→ **TASK BRIEF**
Please state the number of lines in the records below that contain the string "True", and nothing further.

------ DATA IN THIS EXERCISE

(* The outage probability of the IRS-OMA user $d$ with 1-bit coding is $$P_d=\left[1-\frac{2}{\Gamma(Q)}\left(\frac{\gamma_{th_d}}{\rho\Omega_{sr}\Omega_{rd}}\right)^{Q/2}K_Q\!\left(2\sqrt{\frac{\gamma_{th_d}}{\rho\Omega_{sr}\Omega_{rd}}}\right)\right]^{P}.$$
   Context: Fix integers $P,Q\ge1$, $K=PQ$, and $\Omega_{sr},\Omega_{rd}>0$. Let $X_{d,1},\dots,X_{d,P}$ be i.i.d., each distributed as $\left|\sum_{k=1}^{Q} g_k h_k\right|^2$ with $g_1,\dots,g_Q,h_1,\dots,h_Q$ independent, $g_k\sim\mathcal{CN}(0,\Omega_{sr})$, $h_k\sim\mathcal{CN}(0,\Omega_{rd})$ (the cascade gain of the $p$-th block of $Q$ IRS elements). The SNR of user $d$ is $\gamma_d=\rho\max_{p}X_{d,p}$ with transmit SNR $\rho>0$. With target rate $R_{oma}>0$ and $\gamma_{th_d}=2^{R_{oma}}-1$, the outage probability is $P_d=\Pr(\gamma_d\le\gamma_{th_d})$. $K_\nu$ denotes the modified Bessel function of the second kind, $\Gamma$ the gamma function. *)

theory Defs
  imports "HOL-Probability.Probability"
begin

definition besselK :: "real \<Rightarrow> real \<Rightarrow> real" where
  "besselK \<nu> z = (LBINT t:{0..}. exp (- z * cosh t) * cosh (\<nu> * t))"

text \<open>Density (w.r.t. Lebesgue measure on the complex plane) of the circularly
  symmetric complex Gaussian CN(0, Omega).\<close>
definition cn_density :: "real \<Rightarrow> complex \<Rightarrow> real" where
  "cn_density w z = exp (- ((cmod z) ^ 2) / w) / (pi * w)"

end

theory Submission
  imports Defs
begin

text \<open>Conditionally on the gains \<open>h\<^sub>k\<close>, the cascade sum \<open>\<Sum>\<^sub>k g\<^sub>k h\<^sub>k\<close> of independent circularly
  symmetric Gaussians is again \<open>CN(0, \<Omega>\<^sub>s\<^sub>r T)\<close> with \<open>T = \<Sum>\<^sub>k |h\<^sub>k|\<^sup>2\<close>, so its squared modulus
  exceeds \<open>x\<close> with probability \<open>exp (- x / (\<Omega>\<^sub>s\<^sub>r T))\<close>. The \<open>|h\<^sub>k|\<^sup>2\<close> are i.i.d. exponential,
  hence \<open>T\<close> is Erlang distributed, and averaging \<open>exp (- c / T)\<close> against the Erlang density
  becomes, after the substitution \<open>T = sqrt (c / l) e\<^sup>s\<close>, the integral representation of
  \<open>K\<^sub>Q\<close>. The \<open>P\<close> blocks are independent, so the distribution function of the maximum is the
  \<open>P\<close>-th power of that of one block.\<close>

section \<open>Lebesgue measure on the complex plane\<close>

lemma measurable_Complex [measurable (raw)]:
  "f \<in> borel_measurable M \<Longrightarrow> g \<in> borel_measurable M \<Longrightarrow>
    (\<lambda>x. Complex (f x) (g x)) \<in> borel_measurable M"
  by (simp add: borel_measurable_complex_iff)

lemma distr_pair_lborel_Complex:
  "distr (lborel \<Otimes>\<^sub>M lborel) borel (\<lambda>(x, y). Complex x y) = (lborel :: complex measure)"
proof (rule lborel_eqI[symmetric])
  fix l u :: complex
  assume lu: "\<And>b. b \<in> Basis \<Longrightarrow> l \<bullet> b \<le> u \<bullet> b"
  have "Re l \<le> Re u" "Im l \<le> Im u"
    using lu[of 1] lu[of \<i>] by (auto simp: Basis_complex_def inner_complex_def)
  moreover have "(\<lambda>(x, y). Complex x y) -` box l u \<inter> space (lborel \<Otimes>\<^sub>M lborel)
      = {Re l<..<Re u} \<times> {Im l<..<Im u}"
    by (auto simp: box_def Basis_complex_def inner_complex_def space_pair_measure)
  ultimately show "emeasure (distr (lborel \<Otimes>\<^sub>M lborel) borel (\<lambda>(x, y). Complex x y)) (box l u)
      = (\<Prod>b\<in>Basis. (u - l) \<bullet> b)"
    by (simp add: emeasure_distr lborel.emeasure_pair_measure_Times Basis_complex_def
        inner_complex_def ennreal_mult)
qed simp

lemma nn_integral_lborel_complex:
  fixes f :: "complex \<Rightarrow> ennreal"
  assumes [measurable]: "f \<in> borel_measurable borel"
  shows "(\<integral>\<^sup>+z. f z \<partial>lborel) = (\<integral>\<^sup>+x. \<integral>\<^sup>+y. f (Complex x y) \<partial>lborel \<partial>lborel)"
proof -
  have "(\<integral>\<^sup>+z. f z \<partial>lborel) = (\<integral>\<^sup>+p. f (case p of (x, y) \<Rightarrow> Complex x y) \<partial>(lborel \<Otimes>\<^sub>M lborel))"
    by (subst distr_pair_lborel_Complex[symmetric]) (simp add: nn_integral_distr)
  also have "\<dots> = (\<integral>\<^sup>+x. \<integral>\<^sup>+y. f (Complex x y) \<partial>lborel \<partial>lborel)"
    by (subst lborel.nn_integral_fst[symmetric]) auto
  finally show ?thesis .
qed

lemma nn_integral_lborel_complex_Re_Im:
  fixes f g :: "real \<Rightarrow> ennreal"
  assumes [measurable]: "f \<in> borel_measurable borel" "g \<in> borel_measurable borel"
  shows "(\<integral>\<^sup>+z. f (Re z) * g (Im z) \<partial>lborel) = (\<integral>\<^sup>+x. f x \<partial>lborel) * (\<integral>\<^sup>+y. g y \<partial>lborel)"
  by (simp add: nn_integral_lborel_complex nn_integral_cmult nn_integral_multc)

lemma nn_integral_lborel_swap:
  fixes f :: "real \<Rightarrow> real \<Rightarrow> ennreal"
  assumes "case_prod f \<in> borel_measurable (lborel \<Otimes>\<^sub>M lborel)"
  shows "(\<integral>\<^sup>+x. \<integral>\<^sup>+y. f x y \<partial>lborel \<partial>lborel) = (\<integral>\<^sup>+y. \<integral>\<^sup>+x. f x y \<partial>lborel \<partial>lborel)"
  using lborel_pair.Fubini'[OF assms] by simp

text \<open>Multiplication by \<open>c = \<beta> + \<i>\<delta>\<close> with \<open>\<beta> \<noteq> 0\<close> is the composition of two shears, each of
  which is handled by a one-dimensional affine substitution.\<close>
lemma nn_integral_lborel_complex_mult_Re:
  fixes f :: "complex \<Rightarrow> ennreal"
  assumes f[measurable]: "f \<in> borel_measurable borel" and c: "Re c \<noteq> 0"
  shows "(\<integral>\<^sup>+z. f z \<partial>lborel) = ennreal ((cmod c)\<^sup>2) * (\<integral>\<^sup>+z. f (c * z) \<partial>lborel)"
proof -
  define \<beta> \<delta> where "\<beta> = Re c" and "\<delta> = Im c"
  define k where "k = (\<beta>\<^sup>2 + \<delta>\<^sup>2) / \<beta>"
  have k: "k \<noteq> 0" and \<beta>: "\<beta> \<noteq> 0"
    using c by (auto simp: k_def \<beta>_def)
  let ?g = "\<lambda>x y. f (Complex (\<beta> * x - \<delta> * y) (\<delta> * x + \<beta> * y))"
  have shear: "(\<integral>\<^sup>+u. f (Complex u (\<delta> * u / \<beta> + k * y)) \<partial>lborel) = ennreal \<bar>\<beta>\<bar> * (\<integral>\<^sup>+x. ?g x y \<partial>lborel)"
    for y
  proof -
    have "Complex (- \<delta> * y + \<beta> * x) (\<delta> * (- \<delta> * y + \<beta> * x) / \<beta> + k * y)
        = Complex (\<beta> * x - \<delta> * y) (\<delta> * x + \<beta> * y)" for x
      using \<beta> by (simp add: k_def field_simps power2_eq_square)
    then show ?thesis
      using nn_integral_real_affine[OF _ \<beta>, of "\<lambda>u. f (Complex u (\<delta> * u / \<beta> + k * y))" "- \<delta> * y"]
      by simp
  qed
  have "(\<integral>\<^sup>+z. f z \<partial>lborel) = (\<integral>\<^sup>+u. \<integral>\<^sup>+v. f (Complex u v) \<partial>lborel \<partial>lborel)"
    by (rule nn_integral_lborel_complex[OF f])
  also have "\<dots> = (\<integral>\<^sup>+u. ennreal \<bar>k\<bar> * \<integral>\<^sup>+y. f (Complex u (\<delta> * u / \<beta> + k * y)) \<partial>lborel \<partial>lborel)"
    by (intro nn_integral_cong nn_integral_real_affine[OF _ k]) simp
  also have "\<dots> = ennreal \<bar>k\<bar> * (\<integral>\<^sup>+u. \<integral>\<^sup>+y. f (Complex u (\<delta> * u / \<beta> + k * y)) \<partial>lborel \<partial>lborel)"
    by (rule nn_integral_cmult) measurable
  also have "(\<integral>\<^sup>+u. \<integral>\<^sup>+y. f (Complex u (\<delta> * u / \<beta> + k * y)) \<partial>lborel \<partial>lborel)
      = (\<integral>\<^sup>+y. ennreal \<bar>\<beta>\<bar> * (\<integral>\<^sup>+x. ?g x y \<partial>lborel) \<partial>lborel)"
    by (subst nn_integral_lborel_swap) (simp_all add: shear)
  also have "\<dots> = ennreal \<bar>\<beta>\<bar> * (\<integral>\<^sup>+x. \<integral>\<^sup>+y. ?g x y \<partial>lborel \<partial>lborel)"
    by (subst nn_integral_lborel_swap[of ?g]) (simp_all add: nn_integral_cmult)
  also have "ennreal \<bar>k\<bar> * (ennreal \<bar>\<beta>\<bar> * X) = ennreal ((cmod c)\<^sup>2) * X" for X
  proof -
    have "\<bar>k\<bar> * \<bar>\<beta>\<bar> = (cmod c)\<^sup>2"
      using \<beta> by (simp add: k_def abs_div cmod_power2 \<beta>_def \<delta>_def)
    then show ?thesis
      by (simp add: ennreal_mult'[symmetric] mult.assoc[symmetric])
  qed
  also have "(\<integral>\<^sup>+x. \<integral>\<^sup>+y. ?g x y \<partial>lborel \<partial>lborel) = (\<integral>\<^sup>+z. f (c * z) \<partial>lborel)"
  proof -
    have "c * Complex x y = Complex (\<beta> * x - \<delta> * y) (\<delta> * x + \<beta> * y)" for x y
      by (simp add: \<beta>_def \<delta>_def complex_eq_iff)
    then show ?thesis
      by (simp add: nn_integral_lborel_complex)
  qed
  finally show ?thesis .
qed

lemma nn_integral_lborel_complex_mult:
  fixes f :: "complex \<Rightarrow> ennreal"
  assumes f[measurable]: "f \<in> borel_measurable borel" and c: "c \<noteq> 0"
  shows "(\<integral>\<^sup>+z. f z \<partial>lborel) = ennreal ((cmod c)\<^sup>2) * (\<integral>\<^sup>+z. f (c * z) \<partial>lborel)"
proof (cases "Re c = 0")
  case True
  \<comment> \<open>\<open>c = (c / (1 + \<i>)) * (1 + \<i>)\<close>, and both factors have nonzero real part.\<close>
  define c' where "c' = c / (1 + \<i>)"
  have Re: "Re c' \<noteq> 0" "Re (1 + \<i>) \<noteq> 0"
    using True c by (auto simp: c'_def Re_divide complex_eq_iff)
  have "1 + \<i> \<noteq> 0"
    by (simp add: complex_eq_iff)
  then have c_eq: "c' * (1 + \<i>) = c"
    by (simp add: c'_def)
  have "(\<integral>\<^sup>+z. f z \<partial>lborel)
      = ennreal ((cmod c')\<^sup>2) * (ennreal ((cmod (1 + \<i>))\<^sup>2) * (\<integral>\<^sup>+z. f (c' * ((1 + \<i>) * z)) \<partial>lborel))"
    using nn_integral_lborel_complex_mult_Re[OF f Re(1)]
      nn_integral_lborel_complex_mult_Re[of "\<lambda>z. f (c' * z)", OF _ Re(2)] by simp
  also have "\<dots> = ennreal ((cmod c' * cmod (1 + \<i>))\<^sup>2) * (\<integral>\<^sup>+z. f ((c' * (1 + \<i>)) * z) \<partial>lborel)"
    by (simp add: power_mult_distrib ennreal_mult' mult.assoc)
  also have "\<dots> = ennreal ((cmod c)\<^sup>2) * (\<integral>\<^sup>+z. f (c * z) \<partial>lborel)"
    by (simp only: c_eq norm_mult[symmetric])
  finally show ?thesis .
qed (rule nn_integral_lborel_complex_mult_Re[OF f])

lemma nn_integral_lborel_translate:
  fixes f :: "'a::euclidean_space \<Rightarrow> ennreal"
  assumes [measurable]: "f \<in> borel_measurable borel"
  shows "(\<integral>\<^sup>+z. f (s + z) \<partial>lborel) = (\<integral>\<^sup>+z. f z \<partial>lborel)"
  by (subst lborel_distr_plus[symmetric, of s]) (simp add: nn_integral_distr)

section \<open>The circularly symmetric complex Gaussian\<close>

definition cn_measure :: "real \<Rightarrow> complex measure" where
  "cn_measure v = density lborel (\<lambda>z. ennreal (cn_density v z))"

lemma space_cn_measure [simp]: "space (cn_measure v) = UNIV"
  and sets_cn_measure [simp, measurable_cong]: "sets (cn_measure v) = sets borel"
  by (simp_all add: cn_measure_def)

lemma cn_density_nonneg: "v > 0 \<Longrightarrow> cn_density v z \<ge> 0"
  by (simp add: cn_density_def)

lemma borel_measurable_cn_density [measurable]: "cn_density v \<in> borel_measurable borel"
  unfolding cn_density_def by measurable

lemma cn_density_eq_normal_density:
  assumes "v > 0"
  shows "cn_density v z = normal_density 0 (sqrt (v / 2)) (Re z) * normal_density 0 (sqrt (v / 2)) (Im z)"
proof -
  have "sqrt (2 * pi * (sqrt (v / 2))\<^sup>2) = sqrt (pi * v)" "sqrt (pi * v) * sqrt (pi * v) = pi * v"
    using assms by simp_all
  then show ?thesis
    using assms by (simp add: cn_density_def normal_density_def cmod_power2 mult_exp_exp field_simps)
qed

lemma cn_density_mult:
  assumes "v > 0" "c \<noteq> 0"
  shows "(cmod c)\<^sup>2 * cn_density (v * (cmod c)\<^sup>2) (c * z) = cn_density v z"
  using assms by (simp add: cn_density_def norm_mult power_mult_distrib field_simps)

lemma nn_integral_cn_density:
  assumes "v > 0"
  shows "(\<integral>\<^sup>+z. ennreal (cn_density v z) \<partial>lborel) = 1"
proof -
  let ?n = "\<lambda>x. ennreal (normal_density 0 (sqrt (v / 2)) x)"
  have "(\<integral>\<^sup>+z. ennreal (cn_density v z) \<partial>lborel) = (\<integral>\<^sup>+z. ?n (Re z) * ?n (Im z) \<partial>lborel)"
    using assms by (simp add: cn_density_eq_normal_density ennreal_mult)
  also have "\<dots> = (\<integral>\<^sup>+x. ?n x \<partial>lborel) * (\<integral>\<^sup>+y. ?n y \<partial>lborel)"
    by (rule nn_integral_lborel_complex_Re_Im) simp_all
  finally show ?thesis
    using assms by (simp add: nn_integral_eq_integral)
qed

------------

→ **EXERCISE RESULT**
2